BEGIN Records

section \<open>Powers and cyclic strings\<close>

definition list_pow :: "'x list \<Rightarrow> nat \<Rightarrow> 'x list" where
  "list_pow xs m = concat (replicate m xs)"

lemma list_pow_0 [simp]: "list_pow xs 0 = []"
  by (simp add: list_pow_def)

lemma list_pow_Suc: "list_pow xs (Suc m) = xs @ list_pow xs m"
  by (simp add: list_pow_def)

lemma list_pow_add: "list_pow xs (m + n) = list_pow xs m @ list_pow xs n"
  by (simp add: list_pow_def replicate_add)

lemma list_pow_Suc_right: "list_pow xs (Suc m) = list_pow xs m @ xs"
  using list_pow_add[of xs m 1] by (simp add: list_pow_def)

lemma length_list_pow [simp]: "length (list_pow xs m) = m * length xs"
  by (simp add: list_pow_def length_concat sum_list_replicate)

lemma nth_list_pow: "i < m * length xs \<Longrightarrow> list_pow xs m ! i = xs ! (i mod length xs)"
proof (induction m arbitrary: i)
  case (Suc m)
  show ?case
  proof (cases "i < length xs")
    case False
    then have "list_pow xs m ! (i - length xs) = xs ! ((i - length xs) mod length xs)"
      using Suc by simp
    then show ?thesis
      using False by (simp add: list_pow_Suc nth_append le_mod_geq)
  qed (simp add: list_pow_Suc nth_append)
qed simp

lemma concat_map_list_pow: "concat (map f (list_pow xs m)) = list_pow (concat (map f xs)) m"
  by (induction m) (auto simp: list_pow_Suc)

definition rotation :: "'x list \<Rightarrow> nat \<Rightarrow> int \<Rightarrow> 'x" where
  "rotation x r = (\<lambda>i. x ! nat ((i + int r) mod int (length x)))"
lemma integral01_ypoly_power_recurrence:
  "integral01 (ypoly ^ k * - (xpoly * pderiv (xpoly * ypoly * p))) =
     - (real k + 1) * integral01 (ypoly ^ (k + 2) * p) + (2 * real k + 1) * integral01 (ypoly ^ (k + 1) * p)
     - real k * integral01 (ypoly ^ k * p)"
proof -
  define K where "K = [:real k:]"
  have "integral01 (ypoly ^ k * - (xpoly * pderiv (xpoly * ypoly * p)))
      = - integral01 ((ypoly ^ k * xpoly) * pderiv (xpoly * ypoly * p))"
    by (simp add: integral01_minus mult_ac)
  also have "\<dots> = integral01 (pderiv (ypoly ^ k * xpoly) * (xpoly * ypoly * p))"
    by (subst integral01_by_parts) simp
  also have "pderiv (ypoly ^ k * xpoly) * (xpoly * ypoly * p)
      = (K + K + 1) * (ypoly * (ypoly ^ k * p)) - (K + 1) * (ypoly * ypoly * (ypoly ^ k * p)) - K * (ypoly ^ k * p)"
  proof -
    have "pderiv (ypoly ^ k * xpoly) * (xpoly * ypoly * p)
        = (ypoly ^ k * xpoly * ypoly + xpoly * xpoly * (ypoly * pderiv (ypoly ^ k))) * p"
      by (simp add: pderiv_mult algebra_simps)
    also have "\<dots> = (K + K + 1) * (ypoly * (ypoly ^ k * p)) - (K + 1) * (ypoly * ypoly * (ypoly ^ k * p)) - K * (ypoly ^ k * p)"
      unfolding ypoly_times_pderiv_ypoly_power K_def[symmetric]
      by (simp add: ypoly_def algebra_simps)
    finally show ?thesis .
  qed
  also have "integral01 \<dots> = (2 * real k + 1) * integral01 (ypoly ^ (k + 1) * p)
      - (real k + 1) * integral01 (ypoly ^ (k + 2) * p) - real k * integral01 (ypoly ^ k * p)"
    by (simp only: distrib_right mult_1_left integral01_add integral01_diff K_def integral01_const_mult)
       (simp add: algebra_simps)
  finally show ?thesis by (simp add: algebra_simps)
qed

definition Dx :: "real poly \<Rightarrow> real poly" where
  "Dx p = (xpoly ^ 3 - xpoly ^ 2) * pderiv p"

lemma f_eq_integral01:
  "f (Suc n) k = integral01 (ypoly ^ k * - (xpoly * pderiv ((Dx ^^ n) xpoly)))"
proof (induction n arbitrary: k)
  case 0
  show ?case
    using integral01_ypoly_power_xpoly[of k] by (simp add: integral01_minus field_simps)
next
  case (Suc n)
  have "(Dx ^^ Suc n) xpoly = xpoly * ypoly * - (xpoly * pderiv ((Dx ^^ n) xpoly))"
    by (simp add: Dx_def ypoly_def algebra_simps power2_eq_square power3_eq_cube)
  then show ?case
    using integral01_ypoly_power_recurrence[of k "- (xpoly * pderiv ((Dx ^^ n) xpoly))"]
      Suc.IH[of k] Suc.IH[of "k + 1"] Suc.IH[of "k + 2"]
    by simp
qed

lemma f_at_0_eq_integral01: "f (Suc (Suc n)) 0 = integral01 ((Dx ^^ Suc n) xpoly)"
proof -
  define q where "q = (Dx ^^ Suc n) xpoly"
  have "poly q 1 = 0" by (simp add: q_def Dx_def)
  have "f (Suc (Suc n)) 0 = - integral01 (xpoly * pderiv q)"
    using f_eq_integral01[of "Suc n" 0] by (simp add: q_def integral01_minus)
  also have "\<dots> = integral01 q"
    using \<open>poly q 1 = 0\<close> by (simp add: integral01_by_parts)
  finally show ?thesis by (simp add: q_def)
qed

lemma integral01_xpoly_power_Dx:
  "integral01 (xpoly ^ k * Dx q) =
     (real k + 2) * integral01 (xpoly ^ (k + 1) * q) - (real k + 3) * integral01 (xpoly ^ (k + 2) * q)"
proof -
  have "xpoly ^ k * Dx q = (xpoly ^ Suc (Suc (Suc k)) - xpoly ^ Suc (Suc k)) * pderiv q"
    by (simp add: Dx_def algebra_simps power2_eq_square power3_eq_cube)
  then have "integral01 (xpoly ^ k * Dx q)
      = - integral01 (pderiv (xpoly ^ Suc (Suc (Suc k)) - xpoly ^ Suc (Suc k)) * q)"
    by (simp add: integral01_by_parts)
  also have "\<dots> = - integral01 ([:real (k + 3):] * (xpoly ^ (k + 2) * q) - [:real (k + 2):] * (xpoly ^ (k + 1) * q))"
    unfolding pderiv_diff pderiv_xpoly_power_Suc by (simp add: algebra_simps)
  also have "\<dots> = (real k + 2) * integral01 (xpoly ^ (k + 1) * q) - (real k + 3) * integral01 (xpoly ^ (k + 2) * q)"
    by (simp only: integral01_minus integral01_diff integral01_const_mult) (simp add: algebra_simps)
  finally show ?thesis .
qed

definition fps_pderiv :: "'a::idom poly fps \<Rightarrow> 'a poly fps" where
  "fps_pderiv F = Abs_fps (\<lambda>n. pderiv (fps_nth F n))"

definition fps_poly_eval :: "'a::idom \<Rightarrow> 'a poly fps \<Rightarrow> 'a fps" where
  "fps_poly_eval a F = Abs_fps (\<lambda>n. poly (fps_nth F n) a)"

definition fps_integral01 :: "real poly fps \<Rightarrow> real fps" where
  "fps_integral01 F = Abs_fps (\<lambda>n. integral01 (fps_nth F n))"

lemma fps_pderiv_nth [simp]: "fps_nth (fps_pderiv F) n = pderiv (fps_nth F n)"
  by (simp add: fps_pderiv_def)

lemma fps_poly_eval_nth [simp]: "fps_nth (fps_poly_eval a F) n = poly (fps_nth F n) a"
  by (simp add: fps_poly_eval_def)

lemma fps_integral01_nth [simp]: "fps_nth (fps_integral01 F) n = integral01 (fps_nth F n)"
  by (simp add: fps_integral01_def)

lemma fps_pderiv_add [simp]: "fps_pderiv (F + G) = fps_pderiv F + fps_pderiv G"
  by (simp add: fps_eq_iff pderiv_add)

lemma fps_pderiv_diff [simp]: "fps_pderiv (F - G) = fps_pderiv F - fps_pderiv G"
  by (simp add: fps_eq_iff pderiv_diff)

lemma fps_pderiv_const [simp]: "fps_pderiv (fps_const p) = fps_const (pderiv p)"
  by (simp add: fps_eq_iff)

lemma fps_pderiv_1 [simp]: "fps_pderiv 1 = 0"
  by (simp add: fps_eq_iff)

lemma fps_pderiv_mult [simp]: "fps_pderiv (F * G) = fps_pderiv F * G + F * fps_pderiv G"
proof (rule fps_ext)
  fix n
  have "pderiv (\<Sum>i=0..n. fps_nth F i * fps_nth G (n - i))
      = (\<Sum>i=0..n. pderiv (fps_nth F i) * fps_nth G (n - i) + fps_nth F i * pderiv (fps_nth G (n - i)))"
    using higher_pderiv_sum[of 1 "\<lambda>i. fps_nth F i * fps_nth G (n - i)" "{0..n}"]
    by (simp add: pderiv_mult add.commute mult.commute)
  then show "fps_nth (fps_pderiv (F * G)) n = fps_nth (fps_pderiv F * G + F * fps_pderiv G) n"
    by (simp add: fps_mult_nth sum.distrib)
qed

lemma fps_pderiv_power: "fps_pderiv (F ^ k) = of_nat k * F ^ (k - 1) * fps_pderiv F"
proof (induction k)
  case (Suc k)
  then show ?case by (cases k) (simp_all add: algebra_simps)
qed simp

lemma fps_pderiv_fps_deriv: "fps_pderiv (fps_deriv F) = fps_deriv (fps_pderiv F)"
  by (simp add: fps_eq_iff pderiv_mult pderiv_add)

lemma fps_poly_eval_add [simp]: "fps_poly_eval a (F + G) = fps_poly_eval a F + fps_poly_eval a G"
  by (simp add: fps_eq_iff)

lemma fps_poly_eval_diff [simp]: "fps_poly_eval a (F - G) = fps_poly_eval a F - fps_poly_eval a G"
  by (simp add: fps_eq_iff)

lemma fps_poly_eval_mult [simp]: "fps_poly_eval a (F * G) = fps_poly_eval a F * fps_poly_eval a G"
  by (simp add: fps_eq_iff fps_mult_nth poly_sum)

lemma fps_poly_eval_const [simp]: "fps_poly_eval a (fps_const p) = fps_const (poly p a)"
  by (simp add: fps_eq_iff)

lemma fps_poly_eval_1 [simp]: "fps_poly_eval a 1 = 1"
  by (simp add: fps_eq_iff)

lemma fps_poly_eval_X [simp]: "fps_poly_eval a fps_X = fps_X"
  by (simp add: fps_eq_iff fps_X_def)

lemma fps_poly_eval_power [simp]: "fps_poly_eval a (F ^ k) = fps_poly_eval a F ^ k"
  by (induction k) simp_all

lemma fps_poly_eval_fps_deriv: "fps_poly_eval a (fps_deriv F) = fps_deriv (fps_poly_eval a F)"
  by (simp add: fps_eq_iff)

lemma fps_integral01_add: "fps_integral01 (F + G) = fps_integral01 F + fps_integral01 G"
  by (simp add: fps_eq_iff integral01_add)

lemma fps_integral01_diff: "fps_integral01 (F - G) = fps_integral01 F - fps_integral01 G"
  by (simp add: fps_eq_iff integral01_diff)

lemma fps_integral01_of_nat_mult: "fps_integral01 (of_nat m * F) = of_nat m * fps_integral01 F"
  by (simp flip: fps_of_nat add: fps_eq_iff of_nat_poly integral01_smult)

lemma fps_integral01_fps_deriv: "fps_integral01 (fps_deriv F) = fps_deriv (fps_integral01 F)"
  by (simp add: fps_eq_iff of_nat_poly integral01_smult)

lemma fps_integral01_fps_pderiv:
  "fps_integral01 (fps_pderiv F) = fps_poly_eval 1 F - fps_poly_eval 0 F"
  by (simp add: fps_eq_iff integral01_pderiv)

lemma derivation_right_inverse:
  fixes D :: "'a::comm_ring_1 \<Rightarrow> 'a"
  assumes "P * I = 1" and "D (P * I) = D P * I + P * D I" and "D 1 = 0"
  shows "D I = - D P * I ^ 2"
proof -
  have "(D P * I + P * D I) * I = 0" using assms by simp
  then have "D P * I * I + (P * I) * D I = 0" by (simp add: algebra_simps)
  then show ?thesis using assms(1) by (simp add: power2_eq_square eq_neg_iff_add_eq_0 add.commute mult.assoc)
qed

END Records

**Task requirements:**
Restate word for word the entries above from the line with "by (simp add: fps_mult_nth sum.distrib)" through the line with "by (induction k) simp_all", inclusive, leaving out everything else.

**Response to the exercise:**
    by (simp add: fps_mult_nth sum.distrib)
qed

lemma fps_pderiv_power: "fps_pderiv (F ^ k) = of_nat k * F ^ (k - 1) * fps_pderiv F"
proof (induction k)
  case (Suc k)
  then show ?case by (cases k) (simp_all add: algebra_simps)
qed simp

lemma fps_pderiv_fps_deriv: "fps_pderiv (fps_deriv F) = fps_deriv (fps_pderiv F)"
  by (simp add: fps_eq_iff pderiv_mult pderiv_add)

lemma fps_poly_eval_add [simp]: "fps_poly_eval a (F + G) = fps_poly_eval a F + fps_poly_eval a G"
  by (simp add: fps_eq_iff)

lemma fps_poly_eval_diff [simp]: "fps_poly_eval a (F - G) = fps_poly_eval a F - fps_poly_eval a G"
  by (simp add: fps_eq_iff)

lemma fps_poly_eval_mult [simp]: "fps_poly_eval a (F * G) = fps_poly_eval a F * fps_poly_eval a G"
  by (simp add: fps_eq_iff fps_mult_nth poly_sum)

lemma fps_poly_eval_const [simp]: "fps_poly_eval a (fps_const p) = fps_const (poly p a)"
  by (simp add: fps_eq_iff)

lemma fps_poly_eval_1 [simp]: "fps_poly_eval a 1 = 1"
  by (simp add: fps_eq_iff)

lemma fps_poly_eval_X [simp]: "fps_poly_eval a fps_X = fps_X"
  by (simp add: fps_eq_iff fps_X_def)

lemma fps_poly_eval_power [simp]: "fps_poly_eval a (F ^ k) = fps_poly_eval a F ^ k"
  by (induction k) simp_all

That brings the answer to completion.